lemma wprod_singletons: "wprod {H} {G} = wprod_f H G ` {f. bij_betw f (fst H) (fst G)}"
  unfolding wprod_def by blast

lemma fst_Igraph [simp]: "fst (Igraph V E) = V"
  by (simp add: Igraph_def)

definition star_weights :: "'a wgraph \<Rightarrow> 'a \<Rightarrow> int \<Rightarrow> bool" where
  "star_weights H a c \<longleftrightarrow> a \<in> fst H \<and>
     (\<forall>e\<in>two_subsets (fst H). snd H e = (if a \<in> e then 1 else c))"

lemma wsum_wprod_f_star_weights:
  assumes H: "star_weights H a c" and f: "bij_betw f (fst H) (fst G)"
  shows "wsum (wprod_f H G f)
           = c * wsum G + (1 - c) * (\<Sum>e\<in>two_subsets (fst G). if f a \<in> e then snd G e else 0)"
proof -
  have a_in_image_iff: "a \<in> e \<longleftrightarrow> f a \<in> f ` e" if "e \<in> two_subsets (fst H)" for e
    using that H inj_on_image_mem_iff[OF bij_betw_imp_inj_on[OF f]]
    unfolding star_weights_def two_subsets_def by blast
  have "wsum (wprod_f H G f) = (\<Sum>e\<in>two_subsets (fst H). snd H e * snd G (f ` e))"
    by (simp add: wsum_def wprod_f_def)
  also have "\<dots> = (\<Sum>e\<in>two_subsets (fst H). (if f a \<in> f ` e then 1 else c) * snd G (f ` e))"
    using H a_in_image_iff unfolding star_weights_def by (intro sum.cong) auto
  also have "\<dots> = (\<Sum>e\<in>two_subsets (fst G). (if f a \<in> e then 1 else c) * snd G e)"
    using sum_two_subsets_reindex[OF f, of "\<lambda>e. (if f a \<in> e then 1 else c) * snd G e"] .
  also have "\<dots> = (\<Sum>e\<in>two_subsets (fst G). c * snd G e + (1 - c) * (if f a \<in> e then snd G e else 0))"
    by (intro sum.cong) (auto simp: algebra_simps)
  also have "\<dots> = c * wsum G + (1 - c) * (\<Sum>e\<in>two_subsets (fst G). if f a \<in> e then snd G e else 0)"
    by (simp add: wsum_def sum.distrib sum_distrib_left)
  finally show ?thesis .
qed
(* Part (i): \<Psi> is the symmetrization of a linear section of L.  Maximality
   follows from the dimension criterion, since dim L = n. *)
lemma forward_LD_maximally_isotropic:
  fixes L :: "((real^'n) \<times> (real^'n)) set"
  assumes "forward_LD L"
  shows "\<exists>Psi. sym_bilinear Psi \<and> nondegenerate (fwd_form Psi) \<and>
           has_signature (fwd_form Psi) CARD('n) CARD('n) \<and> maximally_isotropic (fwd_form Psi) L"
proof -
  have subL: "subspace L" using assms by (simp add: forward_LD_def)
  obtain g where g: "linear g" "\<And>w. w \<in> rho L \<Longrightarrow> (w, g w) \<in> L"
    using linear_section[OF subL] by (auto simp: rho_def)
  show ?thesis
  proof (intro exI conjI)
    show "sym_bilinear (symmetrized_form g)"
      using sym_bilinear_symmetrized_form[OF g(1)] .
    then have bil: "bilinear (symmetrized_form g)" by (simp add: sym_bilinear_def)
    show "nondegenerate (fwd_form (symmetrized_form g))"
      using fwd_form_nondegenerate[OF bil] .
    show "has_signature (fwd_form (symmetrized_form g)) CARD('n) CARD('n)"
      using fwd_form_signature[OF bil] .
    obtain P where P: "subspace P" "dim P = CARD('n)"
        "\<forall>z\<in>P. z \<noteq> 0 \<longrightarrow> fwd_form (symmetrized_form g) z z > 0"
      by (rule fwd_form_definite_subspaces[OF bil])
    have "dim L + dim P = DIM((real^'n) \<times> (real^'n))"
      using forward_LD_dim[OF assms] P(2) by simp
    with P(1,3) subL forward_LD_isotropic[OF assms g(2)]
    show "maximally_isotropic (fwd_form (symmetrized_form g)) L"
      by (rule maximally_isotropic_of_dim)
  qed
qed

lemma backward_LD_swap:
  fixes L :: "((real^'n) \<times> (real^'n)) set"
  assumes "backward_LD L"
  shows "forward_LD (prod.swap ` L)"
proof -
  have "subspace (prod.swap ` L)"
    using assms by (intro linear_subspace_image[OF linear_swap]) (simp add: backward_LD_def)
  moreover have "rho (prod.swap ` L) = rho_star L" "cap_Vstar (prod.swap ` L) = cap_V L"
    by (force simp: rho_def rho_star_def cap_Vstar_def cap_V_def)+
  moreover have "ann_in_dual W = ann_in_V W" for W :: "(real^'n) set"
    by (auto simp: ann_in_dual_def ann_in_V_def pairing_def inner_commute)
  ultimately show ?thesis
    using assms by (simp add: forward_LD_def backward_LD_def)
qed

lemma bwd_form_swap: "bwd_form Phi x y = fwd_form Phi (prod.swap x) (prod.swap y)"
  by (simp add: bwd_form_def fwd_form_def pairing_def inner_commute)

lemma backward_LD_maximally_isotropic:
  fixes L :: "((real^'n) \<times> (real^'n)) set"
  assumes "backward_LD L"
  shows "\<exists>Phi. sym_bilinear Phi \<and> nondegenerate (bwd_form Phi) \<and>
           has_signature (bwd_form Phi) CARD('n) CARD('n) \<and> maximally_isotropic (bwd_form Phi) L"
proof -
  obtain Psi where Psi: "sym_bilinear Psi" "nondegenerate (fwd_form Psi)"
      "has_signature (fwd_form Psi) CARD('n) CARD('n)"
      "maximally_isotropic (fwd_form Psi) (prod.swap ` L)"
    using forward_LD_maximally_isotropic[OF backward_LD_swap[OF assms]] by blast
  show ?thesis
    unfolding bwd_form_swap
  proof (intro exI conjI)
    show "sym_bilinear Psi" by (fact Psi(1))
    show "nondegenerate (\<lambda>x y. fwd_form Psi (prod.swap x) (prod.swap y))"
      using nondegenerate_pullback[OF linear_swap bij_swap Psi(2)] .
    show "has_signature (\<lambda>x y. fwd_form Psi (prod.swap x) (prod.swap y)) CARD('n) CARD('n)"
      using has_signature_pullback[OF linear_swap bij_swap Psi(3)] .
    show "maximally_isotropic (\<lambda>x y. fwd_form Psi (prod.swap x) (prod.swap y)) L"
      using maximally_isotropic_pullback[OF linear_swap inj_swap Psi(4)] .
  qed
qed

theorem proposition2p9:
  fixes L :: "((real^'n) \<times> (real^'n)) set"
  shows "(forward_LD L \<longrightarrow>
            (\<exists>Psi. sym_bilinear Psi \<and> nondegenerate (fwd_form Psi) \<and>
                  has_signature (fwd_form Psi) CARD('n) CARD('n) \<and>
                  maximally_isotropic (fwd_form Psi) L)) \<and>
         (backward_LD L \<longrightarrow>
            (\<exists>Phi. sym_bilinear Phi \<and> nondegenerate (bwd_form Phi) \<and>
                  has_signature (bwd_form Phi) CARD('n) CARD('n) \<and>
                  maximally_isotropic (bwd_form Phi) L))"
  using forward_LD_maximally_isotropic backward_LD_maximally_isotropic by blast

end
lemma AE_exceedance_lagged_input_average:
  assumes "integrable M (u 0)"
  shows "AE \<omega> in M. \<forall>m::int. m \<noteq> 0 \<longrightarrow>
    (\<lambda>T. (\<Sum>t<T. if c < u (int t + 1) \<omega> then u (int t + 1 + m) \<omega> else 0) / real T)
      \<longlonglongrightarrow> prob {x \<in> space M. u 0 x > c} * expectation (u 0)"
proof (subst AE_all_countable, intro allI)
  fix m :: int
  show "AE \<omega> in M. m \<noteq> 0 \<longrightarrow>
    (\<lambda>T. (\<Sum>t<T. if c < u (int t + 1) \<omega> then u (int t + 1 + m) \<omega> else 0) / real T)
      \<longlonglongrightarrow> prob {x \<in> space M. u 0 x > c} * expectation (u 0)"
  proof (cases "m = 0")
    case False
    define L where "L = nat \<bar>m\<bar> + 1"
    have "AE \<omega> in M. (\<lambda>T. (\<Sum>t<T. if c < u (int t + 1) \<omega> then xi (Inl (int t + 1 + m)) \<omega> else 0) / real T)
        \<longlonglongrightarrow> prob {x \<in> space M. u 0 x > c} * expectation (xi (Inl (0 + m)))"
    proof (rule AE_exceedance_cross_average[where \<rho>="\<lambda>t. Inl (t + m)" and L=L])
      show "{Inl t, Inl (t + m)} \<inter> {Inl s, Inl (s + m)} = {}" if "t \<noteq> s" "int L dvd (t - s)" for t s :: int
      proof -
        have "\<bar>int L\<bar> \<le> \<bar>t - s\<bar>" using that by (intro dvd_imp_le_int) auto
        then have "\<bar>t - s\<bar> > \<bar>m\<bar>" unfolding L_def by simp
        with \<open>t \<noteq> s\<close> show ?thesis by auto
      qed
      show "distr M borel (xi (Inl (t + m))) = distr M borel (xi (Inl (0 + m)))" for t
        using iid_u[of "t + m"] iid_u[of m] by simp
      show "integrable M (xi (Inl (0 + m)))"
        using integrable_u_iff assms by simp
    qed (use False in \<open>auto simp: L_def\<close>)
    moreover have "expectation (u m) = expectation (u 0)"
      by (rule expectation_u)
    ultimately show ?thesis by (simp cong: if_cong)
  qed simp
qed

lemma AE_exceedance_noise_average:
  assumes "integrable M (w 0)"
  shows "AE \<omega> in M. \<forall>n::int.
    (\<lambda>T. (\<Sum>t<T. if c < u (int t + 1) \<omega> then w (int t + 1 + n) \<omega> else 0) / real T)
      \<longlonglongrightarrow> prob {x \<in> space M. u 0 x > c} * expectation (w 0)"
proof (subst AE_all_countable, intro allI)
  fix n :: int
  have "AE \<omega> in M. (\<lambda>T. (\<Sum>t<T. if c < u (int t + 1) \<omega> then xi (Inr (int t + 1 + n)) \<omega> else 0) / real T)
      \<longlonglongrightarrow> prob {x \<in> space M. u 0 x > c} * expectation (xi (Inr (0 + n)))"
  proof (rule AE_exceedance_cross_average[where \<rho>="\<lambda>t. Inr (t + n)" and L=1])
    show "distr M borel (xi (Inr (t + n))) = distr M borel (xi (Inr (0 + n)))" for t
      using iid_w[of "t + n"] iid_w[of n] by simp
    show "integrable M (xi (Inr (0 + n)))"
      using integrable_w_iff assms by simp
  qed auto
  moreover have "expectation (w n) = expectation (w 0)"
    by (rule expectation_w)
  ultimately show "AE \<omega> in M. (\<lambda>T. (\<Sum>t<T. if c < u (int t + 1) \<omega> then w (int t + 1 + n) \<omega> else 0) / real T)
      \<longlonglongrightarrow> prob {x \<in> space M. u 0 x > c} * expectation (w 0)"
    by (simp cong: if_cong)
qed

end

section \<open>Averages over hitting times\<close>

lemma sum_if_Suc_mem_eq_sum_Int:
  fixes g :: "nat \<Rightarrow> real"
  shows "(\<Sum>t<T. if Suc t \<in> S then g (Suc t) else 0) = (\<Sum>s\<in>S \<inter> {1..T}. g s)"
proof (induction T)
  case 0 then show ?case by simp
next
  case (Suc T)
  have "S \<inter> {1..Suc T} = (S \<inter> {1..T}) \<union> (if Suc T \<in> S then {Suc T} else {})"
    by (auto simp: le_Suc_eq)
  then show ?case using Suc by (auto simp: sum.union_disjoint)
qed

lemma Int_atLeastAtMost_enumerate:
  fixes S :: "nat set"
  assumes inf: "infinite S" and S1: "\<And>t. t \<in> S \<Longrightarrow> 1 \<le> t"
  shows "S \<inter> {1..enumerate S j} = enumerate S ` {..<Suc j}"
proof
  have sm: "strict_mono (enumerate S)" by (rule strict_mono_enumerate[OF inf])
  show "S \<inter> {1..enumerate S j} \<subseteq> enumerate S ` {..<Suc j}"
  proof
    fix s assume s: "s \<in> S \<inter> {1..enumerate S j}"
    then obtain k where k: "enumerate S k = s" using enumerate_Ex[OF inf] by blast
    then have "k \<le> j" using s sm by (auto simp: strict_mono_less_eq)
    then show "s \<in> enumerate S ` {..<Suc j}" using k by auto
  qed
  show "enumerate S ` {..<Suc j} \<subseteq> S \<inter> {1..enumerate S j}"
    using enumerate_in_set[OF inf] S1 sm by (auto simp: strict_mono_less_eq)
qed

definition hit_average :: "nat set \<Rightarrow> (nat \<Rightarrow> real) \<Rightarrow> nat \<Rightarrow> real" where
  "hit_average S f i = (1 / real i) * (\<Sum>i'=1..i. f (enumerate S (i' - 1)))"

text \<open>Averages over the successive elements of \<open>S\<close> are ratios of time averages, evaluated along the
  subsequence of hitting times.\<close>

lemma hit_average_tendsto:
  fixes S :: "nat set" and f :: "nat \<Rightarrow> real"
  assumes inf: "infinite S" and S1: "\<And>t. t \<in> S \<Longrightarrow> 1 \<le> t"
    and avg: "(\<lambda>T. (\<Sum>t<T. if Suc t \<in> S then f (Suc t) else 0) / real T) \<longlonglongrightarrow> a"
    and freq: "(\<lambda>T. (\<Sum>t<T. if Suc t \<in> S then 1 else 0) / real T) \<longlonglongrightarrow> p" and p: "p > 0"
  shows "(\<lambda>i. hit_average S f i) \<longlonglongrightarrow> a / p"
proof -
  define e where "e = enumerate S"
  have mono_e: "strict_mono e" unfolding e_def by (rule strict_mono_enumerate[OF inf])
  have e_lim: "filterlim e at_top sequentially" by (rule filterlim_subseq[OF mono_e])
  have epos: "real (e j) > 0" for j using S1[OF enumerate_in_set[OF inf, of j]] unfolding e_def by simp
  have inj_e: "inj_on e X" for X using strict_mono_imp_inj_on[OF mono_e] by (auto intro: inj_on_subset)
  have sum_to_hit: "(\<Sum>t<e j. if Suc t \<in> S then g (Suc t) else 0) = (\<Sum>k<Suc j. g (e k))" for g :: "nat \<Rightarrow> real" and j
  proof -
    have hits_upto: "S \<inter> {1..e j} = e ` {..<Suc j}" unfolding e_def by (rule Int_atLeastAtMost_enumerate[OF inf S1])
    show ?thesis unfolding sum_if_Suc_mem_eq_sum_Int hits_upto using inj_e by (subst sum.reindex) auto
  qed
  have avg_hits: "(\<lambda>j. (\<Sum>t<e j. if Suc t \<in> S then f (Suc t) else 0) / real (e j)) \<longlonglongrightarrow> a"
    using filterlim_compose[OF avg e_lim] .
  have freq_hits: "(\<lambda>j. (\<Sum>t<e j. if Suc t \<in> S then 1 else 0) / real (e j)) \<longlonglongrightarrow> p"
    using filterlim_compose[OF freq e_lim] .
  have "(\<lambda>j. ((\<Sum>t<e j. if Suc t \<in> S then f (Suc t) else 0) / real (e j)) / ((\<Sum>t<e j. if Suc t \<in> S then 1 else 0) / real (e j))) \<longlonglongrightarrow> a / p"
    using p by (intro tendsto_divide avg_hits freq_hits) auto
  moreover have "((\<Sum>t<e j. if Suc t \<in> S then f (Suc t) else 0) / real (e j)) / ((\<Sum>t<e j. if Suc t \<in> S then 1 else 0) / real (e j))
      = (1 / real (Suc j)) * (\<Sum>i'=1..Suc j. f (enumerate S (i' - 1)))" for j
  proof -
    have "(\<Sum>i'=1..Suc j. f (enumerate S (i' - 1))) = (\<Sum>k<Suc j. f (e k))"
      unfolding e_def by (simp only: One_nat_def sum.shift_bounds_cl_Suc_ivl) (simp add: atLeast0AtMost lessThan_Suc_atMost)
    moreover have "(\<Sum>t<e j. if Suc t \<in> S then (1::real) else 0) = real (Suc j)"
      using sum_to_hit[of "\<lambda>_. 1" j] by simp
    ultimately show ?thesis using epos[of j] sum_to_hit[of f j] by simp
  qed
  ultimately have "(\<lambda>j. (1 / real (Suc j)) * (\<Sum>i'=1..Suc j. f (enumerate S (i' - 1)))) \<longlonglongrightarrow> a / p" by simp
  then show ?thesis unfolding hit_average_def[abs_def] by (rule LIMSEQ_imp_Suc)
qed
---
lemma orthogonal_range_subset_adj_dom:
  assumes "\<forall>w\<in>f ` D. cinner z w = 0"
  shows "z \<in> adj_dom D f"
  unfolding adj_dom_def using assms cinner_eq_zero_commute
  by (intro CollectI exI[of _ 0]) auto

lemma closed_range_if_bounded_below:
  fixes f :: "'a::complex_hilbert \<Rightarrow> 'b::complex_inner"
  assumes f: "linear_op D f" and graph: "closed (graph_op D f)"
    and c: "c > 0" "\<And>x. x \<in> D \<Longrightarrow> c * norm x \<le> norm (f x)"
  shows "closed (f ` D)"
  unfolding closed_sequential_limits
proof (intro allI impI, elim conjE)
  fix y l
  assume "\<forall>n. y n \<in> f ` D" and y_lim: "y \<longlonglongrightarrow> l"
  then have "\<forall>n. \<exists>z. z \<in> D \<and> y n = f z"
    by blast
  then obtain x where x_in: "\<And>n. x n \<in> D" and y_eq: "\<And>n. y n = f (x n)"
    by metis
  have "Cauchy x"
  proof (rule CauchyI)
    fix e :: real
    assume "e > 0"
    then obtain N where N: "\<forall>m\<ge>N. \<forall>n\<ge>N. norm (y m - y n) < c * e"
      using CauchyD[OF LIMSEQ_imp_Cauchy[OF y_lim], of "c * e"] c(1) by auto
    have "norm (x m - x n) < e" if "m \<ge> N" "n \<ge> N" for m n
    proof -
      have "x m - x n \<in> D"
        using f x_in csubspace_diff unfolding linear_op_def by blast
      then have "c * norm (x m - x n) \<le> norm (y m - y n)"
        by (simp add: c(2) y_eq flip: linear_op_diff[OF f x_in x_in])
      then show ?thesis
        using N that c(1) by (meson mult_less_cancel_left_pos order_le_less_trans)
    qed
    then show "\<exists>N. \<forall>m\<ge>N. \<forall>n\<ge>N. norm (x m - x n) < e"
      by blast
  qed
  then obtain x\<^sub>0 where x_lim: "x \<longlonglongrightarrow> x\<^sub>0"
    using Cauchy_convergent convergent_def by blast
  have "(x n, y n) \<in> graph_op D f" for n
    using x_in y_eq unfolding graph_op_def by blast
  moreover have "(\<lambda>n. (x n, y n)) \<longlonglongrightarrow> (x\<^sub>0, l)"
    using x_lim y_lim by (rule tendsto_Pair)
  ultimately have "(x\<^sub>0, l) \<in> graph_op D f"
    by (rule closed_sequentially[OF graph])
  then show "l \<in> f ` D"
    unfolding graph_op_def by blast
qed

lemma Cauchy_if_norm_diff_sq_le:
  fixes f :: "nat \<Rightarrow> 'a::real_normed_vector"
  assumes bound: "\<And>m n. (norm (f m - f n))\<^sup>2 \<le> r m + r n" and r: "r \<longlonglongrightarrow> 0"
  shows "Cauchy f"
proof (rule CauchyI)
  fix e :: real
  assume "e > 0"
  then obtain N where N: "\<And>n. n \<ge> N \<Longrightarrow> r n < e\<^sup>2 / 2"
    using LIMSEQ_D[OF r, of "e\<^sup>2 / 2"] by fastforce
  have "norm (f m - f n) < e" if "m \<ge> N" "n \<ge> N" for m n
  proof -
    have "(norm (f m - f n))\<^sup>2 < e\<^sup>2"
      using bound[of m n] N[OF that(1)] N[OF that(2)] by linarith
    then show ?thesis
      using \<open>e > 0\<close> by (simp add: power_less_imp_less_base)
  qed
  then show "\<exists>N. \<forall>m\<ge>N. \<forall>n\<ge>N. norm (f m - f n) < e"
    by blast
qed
* * *
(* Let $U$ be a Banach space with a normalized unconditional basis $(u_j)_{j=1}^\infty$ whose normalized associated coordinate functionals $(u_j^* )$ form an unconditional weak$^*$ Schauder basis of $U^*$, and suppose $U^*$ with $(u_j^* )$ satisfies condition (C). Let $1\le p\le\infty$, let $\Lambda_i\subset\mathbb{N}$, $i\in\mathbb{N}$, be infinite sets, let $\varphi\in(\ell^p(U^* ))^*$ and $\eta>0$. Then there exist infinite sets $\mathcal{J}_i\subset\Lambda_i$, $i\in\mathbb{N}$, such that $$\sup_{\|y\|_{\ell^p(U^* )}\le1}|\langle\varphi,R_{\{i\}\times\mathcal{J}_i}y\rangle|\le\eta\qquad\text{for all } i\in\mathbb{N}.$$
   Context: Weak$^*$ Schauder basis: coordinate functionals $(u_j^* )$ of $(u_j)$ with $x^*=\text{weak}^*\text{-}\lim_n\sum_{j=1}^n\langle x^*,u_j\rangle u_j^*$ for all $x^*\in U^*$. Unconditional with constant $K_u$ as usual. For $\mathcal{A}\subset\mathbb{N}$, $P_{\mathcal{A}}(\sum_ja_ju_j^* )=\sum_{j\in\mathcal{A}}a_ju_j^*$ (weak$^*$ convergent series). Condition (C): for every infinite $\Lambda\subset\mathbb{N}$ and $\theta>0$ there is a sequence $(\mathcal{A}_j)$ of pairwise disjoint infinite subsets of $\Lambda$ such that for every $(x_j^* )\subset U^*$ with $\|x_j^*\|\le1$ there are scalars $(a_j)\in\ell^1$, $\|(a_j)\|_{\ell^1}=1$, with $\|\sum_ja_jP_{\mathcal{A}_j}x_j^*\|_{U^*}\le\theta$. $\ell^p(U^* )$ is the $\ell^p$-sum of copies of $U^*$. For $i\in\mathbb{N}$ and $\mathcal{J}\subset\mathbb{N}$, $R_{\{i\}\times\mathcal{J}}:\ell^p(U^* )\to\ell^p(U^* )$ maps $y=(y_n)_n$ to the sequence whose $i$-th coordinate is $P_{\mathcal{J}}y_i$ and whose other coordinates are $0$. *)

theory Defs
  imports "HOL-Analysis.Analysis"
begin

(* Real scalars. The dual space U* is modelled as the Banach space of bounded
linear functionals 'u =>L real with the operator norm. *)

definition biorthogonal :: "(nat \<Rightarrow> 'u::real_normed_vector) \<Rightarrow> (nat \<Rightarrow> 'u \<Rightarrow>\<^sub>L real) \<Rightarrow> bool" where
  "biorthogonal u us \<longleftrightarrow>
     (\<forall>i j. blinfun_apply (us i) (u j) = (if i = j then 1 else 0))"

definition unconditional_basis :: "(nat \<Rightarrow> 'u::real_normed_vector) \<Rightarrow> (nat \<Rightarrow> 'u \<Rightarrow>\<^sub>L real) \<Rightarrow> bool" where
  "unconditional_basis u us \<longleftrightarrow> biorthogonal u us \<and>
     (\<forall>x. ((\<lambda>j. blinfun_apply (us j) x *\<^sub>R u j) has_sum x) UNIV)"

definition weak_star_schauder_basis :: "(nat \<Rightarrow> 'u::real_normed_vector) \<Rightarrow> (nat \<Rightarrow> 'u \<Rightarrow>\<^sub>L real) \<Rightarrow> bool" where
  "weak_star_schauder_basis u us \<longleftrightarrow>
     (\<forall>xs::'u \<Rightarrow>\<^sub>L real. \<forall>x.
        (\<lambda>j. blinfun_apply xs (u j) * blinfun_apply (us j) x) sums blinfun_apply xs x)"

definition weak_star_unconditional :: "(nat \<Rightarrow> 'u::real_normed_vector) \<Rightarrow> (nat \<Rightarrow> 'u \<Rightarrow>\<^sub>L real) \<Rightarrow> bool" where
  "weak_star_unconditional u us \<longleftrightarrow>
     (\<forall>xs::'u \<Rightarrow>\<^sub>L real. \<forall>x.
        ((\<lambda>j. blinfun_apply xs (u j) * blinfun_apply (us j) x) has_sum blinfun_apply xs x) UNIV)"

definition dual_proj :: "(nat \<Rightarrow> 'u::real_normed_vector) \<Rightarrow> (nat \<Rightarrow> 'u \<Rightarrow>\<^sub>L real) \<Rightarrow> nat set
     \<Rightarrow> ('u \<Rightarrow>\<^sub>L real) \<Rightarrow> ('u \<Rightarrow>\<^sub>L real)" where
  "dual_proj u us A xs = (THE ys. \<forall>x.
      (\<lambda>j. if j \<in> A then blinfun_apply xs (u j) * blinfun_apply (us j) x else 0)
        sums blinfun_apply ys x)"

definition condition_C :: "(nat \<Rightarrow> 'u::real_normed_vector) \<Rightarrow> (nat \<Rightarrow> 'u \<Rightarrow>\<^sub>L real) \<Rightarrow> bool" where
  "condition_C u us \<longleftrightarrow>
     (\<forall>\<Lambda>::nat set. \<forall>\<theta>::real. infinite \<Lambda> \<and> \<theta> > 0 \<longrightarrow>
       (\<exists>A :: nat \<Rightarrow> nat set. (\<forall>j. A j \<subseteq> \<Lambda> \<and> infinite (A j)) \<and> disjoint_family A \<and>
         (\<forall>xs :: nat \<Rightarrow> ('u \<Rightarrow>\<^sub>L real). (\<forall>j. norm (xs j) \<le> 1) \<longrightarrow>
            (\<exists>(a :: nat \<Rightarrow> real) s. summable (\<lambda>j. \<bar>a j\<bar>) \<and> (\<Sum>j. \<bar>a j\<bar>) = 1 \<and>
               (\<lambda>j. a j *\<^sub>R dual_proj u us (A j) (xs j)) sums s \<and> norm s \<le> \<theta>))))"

**Instructions to follow**: Please reproduce, exactly as they appear above, the lines from the line containing "by (simp add: bwd_form_def" up to and including the line containing "unfolding bwd_form_swap".

**Exercise result**:
  by (simp add: bwd_form_def fwd_form_def pairing_def inner_commute)

lemma backward_LD_maximally_isotropic:
  fixes L :: "((real^'n) \<times> (real^'n)) set"
  assumes "backward_LD L"
  shows "\<exists>Phi. sym_bilinear Phi \<and> nondegenerate (bwd_form Phi) \<and>
           has_signature (bwd_form Phi) CARD('n) CARD('n) \<and> maximally_isotropic (bwd_form Phi) L"
proof -
  obtain Psi where Psi: "sym_bilinear Psi" "nondegenerate (fwd_form Psi)"
      "has_signature (fwd_form Psi) CARD('n) CARD('n)"
      "maximally_isotropic (fwd_form Psi) (prod.swap ` L)"
    using forward_LD_maximally_isotropic[OF backward_LD_swap[OF assms]] by blast
  show ?thesis
    unfolding bwd_form_swap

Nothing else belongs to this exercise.